FROM A TWO-ROOM
FLAT TO THE TOP
OF THE INTERNET
Pichai Sundararajan — known globally as Sundar Pichai — was born on June 10, 1972, in Madurai, Tamil Nadu, into a Tamil Hindu family. His father, Regunatha Pichai, was an electrical engineer at the British conglomerate GEC, managing a factory that made electrical components. His mother, Lakshmi, worked as a stenographer before the children arrived. The family of four — Sundar, his younger brother Srinivasan, and their parents — lived in a two-room apartment in Ashok Nagar, Chennai. There was no phone until Sundar was 12. No computer, no television for the early years.
And yet, that cramped flat produced one of the world's most powerful tech executives. The secret weapon? Memory. From an extraordinarily young age, Sundar could recall every phone number he had ever dialled — a human phonebook in a house that didn't have one. That same precise, retentive mind would later absorb Chrome's architecture, Android's codebase, and the machinery of Google Search.

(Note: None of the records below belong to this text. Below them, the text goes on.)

lemma euler_below_generic:
  fixes P :: "'a::euclidean_space set"
  assumes P: "polytope P" and inj: "inj_on (\<lambda>x. b \<bullet> x) (vertices P)"
    and lower: "\<And>(Q::'a set) a t. polytope Q \<Longrightarrow> aff_dim Q < aff_dim P \<Longrightarrow> \<exists>x\<in>Q. a \<bullet> x < t \<Longrightarrow>
                  euler_below Q a t = 1"
    and below: "\<exists>x\<in>P. b \<bullet> x < t"
  shows "euler_below P b t = 1"
proof -
  have ne: "P \<noteq> {}"
    using below by blast
  have top_below: "F \<subseteq> {x. b \<bullet> x < t} \<longleftrightarrow> b \<bullet> top_vertex b F < t"
    if "F \<in> nonempty_faces P" for F
    using that polytope_nonempty_face[OF P] by (intro subset_halfspace_iff_top_vertex) (auto simp: nonempty_faces_def)
  have "euler_below P b t = (\<Sum>F\<in>nonempty_faces P. if F \<subseteq> {x. b \<bullet> x < t} then face_sign F else 0)"
    unfolding euler_below_def using finite_nonempty_faces[OF P] by (rule sum.inter_filter)
  also have "\<dots>
      = (\<Sum>F\<in>nonempty_faces P. of_int (face_sign F) * (if b \<bullet> top_vertex b F < t then 1 else 0))"
    using top_below by (intro sum.cong) auto
  also have "\<dots> = (if b \<bullet> top_vertex (-b) P < t then 1 else 0)"
    using sum_faces_by_top_vertex[OF P ne inj sum_face_sign_top_vertex[OF P inj _ lower],
        where g = "\<lambda>v. if b \<bullet> v < t then 1 else 0 :: int"]
    by simp
  also have "\<dots> = 1"
  proof -
    obtain x where "x \<in> P" "b \<bullet> x < t"
      using below by blast
    moreover have "(-b) \<bullet> x \<le> (-b) \<bullet> top_vertex (-b) P"
      using top_vertex(2)[OF P ne, of "-b"] \<open>x \<in> P\<close> by blast
    ultimately show ?thesis
      by simp
  qed
  finally show ?thesis .
qed

lemma euler_below_perturb:
  fixes P :: "'a::euclidean_space set"
  assumes P: "polytope P" and below: "\<exists>x\<in>P. a \<bullet> x < t"
  obtains b t' where "inj_on (\<lambda>x. b \<bullet> x) (vertices P)" "\<exists>x\<in>P. b \<bullet> x < t'"
    "euler_below P a t = euler_below P b t'"
proof -
  obtain b t' where inj: "inj_on (\<lambda>x. b \<bullet> x) (vertices P)"
    and same_side: "\<And>x. x \<in> vertices P \<Longrightarrow> a \<bullet> x < t \<longleftrightarrow> b \<bullet> x < t'"
    using generic_direction_halfspace[OF finite_vertices[OF P]] by metis
  have "F \<subseteq> {x. a \<bullet> x < t} \<longleftrightarrow> F \<subseteq> {x. b \<bullet> x < t'}" if F: "F \<in> nonempty_faces P" for F
    using F vertices_face_of same_side
    by (intro polytope_subset_halfspace_iff polytope_nonempty_face[OF P]) (auto simp: nonempty_faces_def)
  then have "{F\<in>nonempty_faces P. F \<subseteq> {x. a \<bullet> x < t}} = {F\<in>nonempty_faces P. F \<subseteq> {x. b \<bullet> x < t'}}"
    by blast
  then have "euler_below P a t = euler_below P b t'"
    by (simp add: euler_below_def)
  moreover obtain x where "x \<in> vertices P" "a \<bullet> x < t"
    using polytope_ex_vertex_below[OF P below] .
  then have "x \<in> P" "b \<bullet> x < t'"
    using same_side vertices_subset by auto
  ultimately show thesis
    using that inj by blast
qed

lemma euler_below_eq_1:
  fixes P :: "'a::euclidean_space set"
  assumes "polytope P" "\<exists>x\<in>P. a \<bullet> x < t"
  shows "euler_below P a t = 1"
  using assms
proof (induction "nat (aff_dim P + 1)" arbitrary: P a t rule: less_induct)
  case less
  obtain b t' where b: "inj_on (\<lambda>x. b \<bullet> x) (vertices P)" "\<exists>x\<in>P. b \<bullet> x < t'"
    "euler_below P a t = euler_below P b t'"
    using euler_below_perturb[OF less.prems] by blast
  have "euler_below Q a t = 1"
    if "polytope Q" "aff_dim Q < aff_dim P" "\<exists>x\<in>Q. a \<bullet> x < t" for Q :: "'a set" and a t
  proof -
    have "nat (aff_dim Q + 1) < nat (aff_dim P + 1)"
      using that(2) aff_dim_geq[of Q] by linarith
    then show ?thesis
      using less.hyps that(1,3) by blast
  qed
  then show ?case
    using euler_below_generic[OF less.prems(1) b(1) _ b(2)] b(3) by simp
qed


section \<open>Minkowski sums and support functions\<close>

lemma ne_polytope_iff: "ne_polytope P \<longleftrightarrow> polytope P \<and> P \<noteq> {}"
  unfolding ne_polytope_def polytope_def by auto

lemma ne_polytope_zero: "ne_polytope (0::'a::euclidean_space set)"
  unfolding ne_polytope_def by (intro exI[of _ "{0}"]) simp

lemma ne_polytope_plus:
  assumes "ne_polytope A" "ne_polytope B"
  shows "ne_polytope (A + B)"
proof -
  obtain S T where "finite S" "S \<noteq> {}" "A = convex hull S" "finite T" "T \<noteq> {}" "B = convex hull T"
    using assms unfolding ne_polytope_def by blast
  moreover have "S + T \<noteq> {}"
    using \<open>S \<noteq> {}\<close> \<open>T \<noteq> {}\<close> by (auto simp: set_plus_def)
  ultimately show ?thesis
    unfolding ne_polytope_def
    by (intro exI[of _ "S + T"]) (simp add: finite_set_plus convex_hull_set_plus)
qed

lemma ne_polytope_sum:
  fixes f :: "'b \<Rightarrow> 'a::euclidean_space set"
  shows "finite S \<Longrightarrow> (\<And>F. F \<in> S \<Longrightarrow> ne_polytope (f F)) \<Longrightarrow> ne_polytope (\<Sum>F\<in>S. f F)"
  by (induction S rule: finite_induct) (auto simp: ne_polytope_zero ne_polytope_plus simp del: set_zero)

lemma ne_polytope_refl_poly:
  assumes "ne_polytope P"
  shows "ne_polytope (refl_poly P)"
proof -
  obtain S where S: "finite S" "S \<noteq> {}" "P = convex hull S"
    using assms ne_polytope_def by blast
  have "refl_poly P = convex hull (uminus ` S)"
    unfolding refl_poly_def S(3) by (rule convex_hull_linear_image) (simp add: linear_iff)
  then show ?thesis
    using S unfolding ne_polytope_def by blast
qed

lemma finite_faces:
  fixes P :: "'a::euclidean_space set"
  assumes "polytope P" "P \<noteq> {}"
  shows "finite (faces P)"
  using finite_nonempty_faces[OF assms(1)] faces_eq_nonempty_faces[OF assms] by simp

lemma ne_polytope_face:
  fixes P :: "'a::euclidean_space set"
  assumes "ne_polytope P" "F \<in> faces P"
  shows "ne_polytope F"
proof -
  have P: "polytope P" "P \<noteq> {}"
    using assms(1) ne_polytope_iff by auto
  then have "F \<in> nonempty_faces P"
    using assms(2) faces_eq_nonempty_faces by blast
  then show ?thesis
    using polytope_nonempty_face[OF P(1)] by (simp add: ne_polytope_iff nonempty_faces_def)
qed

lemma ne_polytope_sum_faces:
  fixes P :: "'a::euclidean_space set"
  assumes "ne_polytope P"
  shows "ne_polytope (\<Sum>F\<in>{F\<in>faces P. Q F}. F)"
proof (rule ne_polytope_sum)
  have "finite (faces P)"
    using assms by (auto simp: ne_polytope_iff intro: finite_faces)
  then show "finite {F\<in>faces P. Q F}"
    by simp
qed (use ne_polytope_face[OF assms] in blast)

lemma support_fun_attained:
  assumes "ne_polytope A"
  obtains x where "x \<in> A" "\<forall>y\<in>A. a \<bullet> y \<le> a \<bullet> x" "support_fun A a = a \<bullet> x"
proof -
  obtain x where "x \<in> vertices A" "\<forall>y\<in>A. a \<bullet> y \<le> a \<bullet> x"
    using polytope_max_at_vertex assms ne_polytope_iff by metis
  then show thesis
    using that support_fun_eq_max vertices_subset by blast
qed

lemma support_fun_plus:
  assumes "ne_polytope A" "ne_polytope B"
  shows "support_fun (A + B) a = support_fun A a + support_fun B a"
proof -
  obtain x where x: "x \<in> A" "\<forall>y\<in>A. a \<bullet> y \<le> a \<bullet> x" "support_fun A a = a \<bullet> x"
    using support_fun_attained[OF assms(1)] .
  obtain z where z: "z \<in> B" "\<forall>y\<in>B. a \<bullet> y \<le> a \<bullet> z" "support_fun B a = a \<bullet> z"
    using support_fun_attained[OF assms(2)] .
  have "\<forall>y\<in>A + B. a \<bullet> y \<le> a \<bullet> (x + z)"
    using x(2) z(2) by (auto simp: set_plus_def inner_add_right add_mono)
  then have "support_fun (A + B) a = a \<bullet> (x + z)"
    using x(1) z(1) by (intro support_fun_eq_max) (auto simp: set_plus_def)
  then show ?thesis
    using x(3) z(3) by (simp add: inner_add_right)
qed

lemma support_fun_sum:
  fixes f :: "'b \<Rightarrow> 'a::euclidean_space set"
  shows "finite S \<Longrightarrow> (\<And>F. F \<in> S \<Longrightarrow> ne_polytope (f F)) \<Longrightarrow>
    support_fun (\<Sum>F\<in>S. f F) a = (\<Sum>F\<in>S. support_fun (f F) a)"
proof (induction S rule: finite_induct)
  case empty
  then show ?case
    by (simp add: support_fun_def)
next
  case (insert F S)
  then show ?case
    by (simp add: support_fun_plus ne_polytope_sum)
qed

lemma support_fun_refl_poly: "support_fun (refl_poly P) a = support_fun P (-a)"
  unfolding support_fun_def refl_poly_def by (simp add: image_image)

He was captain of his high school cricket team — a fact he shares with casual pride, because cricket, like product management, demands you read the pitch, adapt constantly, and keep everyone calm. He earned a seat at IIT Kharagpur (metallurgical engineering, a silver medal at graduation), a scholarship to Stanford for materials science, and an MBA from Wharton where he was named a Siebel Scholar and a Palmer Scholar. His father scraped together $1,000 from family savings for the airfare to Stanford. The return on that investment now exceeds a billion dollars. Compounding works.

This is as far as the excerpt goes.